どうやらこの二人はことの成り行きを見守りながら気の向いた方につくという性格をしていてくれたり。
「ええ!? なによそれ」
ごろごろと猫のように頬をすり寄せてくるエリックの頭を押さえながら、私は二人に文句を言う。
「ねー、だから頂戴」
エリックがだだをこねる。
「ソフィアが初めて作ったクッキーでしょ? なら俺がたべなくちゃなんないの」
なんなのその理屈。
「はあ!?」
「でさ、塩と砂糖間違えてて、適度に飲み込みにくくって中が半熟してたりするんだけど、俺が全部たべるんだぁハート
きらきらと目を輝かせてエリック。
どこの少女漫画だそれはーーー!
そう言われればそう言う程やりたくなくなってくるの分かんないの!?
「あっそ。

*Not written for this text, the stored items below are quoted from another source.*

(* Let $M^{2n+1}(f,Q,\xi,\eta,g)$ be a weak nearly Sasakian manifold satisfying $(\nabla_X\widetilde Q)Y=0$ for all $X\in TM$, $Y\in\ker\eta$, and let $h=\nabla\xi+f$ (i.e., $hX=\nabla_X\xi+fX$). Then $h=0$ if and only if the manifold is Sasakian (i.e., $Q=\mathrm{id}$ and $(f,\xi,\eta,g)$ is a Sasakian structure).
   Context: A weak almost contact metric structure on $M^{2n+1}$ consists of a $(1,1)$-tensor field $f$ of rank $2n$, a vector field $\xi$, a $1$-form $\eta$, a nonsingular $(1,1)$-tensor field $Q$ and a Riemannian metric $g$ such that $f^2=-Q+\eta\otimes\xi$, $\eta(\xi)=1$, $Q\xi=\xi$, $\ker\eta$ is $f$-invariant, and $g(fX,fY)=g(X,QY)-\eta(X)\eta(Y)$. $\widetilde Q=Q-\mathrm{id}$, $\nabla$ is the Levi-Civita connection. Weak nearly Sasakian means $(\nabla_Xf)Y+(\nabla_Yf)X=2g(X,Y)\xi-\eta(Y)X-\eta(X)Y$ for all $X,Y$. A Sasakian structure is one with $Q=\mathrm{id}$ and $(\nabla_Xf)Y=g(X,Y)\xi-\eta(Y)X$ for all $X,Y$. *)

theory Defs
  imports "HOL-Analysis.Analysis"
begin

text \<open>Local (coordinate) model of a Riemannian manifold: an open set U in real^'n
  with a metric given by a symmetric positive definite matrix field G.
  Vector fields are maps U -> real^'n, (1,1)-tensor fields are matrix fields,
  a 1-form eta is represented by its coefficient vector (eta(v) = eta p \<bullet> v).\<close>

primrec itpd :: "'n list \<Rightarrow> (real^'n \<Rightarrow> 'b::real_normed_vector) \<Rightarrow> real^'n \<Rightarrow> 'b" where
  "itpd [] F = F"
| "itpd (i # is) F = (\<lambda>p. frechet_derivative (itpd is F) (at p) (axis i 1))"

definition smooth_on :: "(real^'n) set \<Rightarrow> (real^'n \<Rightarrow> 'b::real_normed_vector) \<Rightarrow> bool" where
  "smooth_on U F \<longleftrightarrow> (\<forall>is. itpd is F differentiable_on U)"

definition dD :: "(real^'n \<Rightarrow> 'b::real_normed_vector) \<Rightarrow> real^'n \<Rightarrow> real^'n \<Rightarrow> 'b" where
  "dD F p v = frechet_derivative F (at p) v"

text \<open>Christoffel symbols of the Levi-Civita connection of G:
  Gamma(v,w)^k = 1/2 g^{kl} (\<partial>_v g_{wl} + \<partial>_w g_{vl} - \<partial>_l g(v,w))\<close>
definition christoffel :: "(real^'n \<Rightarrow> real^'n^'n) \<Rightarrow> real^'n \<Rightarrow> real^'n \<Rightarrow> real^'n \<Rightarrow> real^'n" where
  "christoffel G p v w = (1/2) *\<^sub>R (matrix_inv (G p) *v
     (\<chi> l. (dD G p v *v w) $ l + (dD G p w *v v) $ l - v \<bullet> (dD G p (axis l 1) *v w)))"

definition nablaV :: "(real^'n \<Rightarrow> real^'n^'n) \<Rightarrow> (real^'n \<Rightarrow> real^'n) \<Rightarrow> real^'n \<Rightarrow> real^'n \<Rightarrow> real^'n" where
  "nablaV G Y p v = dD Y p v + christoffel G p v (Y p)"

text \<open>(\<nabla>_v T) w at p for a (1,1)-tensor field T: \<nabla>_v (T W) - T (\<nabla>_v W)\<close>
definition nablaT :: "(real^'n \<Rightarrow> real^'n^'n) \<Rightarrow> (real^'n \<Rightarrow> real^'n^'n) \<Rightarrow> real^'n \<Rightarrow> real^'n \<Rightarrow> real^'n \<Rightarrow> real^'n" where
  "nablaT G T p v w = (dD T p v *v w) + christoffel G p v (T p *v w) - T p *v christoffel G p v w"

definition riemannian_metric :: "(real^'n) set \<Rightarrow> (real^'n \<Rightarrow> real^'n^'n) \<Rightarrow> bool" where
  "riemannian_metric U G \<longleftrightarrow> open U \<and> smooth_on U G \<and>
     (\<forall>p\<in>U. transpose (G p) = G p \<and> (\<forall>v. v \<noteq> 0 \<longrightarrow> v \<bullet> (G p *v v) > 0))"

definition gm :: "(real^'n \<Rightarrow> real^'n^'n) \<Rightarrow> real^'n \<Rightarrow> real^'n \<Rightarrow> real^'n \<Rightarrow> real" where
  "gm G p v w = v \<bullet> (G p *v w)"

definition weak_almost_contact_metric ::
  "nat \<Rightarrow> (real^'n) set \<Rightarrow> (real^'n \<Rightarrow> real^'n^'n) \<Rightarrow> (real^'n \<Rightarrow> real^'n^'n) \<Rightarrow> (real^'n \<Rightarrow> real^'n)
     \<Rightarrow> (real^'n \<Rightarrow> real^'n) \<Rightarrow> (real^'n \<Rightarrow> real^'n^'n) \<Rightarrow> bool" where
  "weak_almost_contact_metric n U F Q xi eta G \<longleftrightarrow>
     CARD('n) = 2 * n + 1 \<and> riemannian_metric U G \<and>
     smooth_on U F \<and> smooth_on U Q \<and> smooth_on U xi \<and> smooth_on U eta \<and>
     (\<forall>p\<in>U. rank (F p) = 2 * n \<and> invertible (Q p) \<and>
        (\<forall>v. F p *v (F p *v v) = - (Q p *v v) + (eta p \<bullet> v) *\<^sub>R xi p) \<and>
        eta p \<bullet> xi p = 1 \<and> Q p *v xi p = xi p \<and>
        (\<forall>v. eta p \<bullet> v = 0 \<longrightarrow> eta p \<bullet> (F p *v v) = 0) \<and>
        (\<forall>v w. gm G p (F p *v v) (F p *v w) = gm G p v (Q p *v w) - (eta p \<bullet> v) * (eta p \<bullet> w)))"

でもときめかないわよ」
「いいの! ソフィアの、クッキー食べたいんだよ。
 初めてでしょ」
「初めてだからよ! どうしてこれがあんたのおやつになんなくっちゃなんないの」
にんまり、とエリックの頬がつり上がるのが見える。
そして、明らかに昼を抜いた腹の悲痛な音。
・・・昼を抜いた腹の音?
ここに居るのはテルブとチヨと私とエリックのみ。
「エリック、あんたまさか」
「ふっ。ソフィアへの愛に比べればソフィアがそう言った時のために昼を抜くなんて簡単なのさ!」
よ、読まれてた!? 私とした事が!
じゃなくて。
「馬鹿じゃない!? 私がもし失敗してたりしたらどうするつもりだったのよ」
いつの間にか手を離してたエリックの方を振り返ると、エリックは仁王立ちで自慢げに
「忘れてた」
それは威張って言う事だろうか。
それとまあ絶妙なタイミングで鳴るエリックの腹。
そして家庭科室に静寂が満ちた。
それを切り裂くのはやっぱりこの国の宝の腹の音。
夕日が赤くエリックに照りつける。
ぐ〜、ぐ〜、ぐ〜。
静寂。 ぐ〜。 静寂。 ぐー。 静寂。
なにそれ。
笑いたくなった。
誰かこいつを止めて欲しい。
「・・・ほら」
エリックにクッキーを投げる。
「味の保証はしないから」
別に、本当は、やらないなんて思ってなかったし。
「有り難うソフィア!」
エリックはざっと一気にクッキーを口に入れてほおばり、
そのまま一瞬体の動きを止め、飲み込んだ。
そしてそのまま床に倒れ込んだ。



真っ白いベッドに横たわるからだ。
開く、青と茶の瞳。
「馬鹿!」
「ふぅえ?」
エリックは目を覚してぼけた声を上げた。
あれから保健室にエリックを運んで、袋に残った破片を食べて分かった。
あれは私の人生最大の失敗作。
倒れて当然。毒に近い。っていうかほぼ毒。
「あんたねえ、吐くとかしなさいよ!」
「だって、ソフィアが初めて作ったクッキーじゃない」
にっこりとエリックは笑う。
綺麗な顔で、本当に嬉しそうに。
その手で私の頭をなでながら。
なにそれ。
そんなので食べたわけ? アレを。
本当は、あげるつもりだった。
味見を忘れたのにも気付かずに。
抱きついてくるエリックと話をして、あげて、喜んでくれるだろうかと。
他に誰にも、思いつかなかった。
全てを見透かすような瞳で見つめるエリック。
「・・・ごめんね」
「うん? いいよ。ねえソフィア、惚れ直した?」
「馬鹿」
私はエリックに背を向けると、誰にも聞こえないようにいう。
「ちょっとだけ」
心臓が脈打つのが聞こえる。
どこか、くすぐったい気持ち。
こんな感じになるのは、
どうやらまた、エリックが初めて。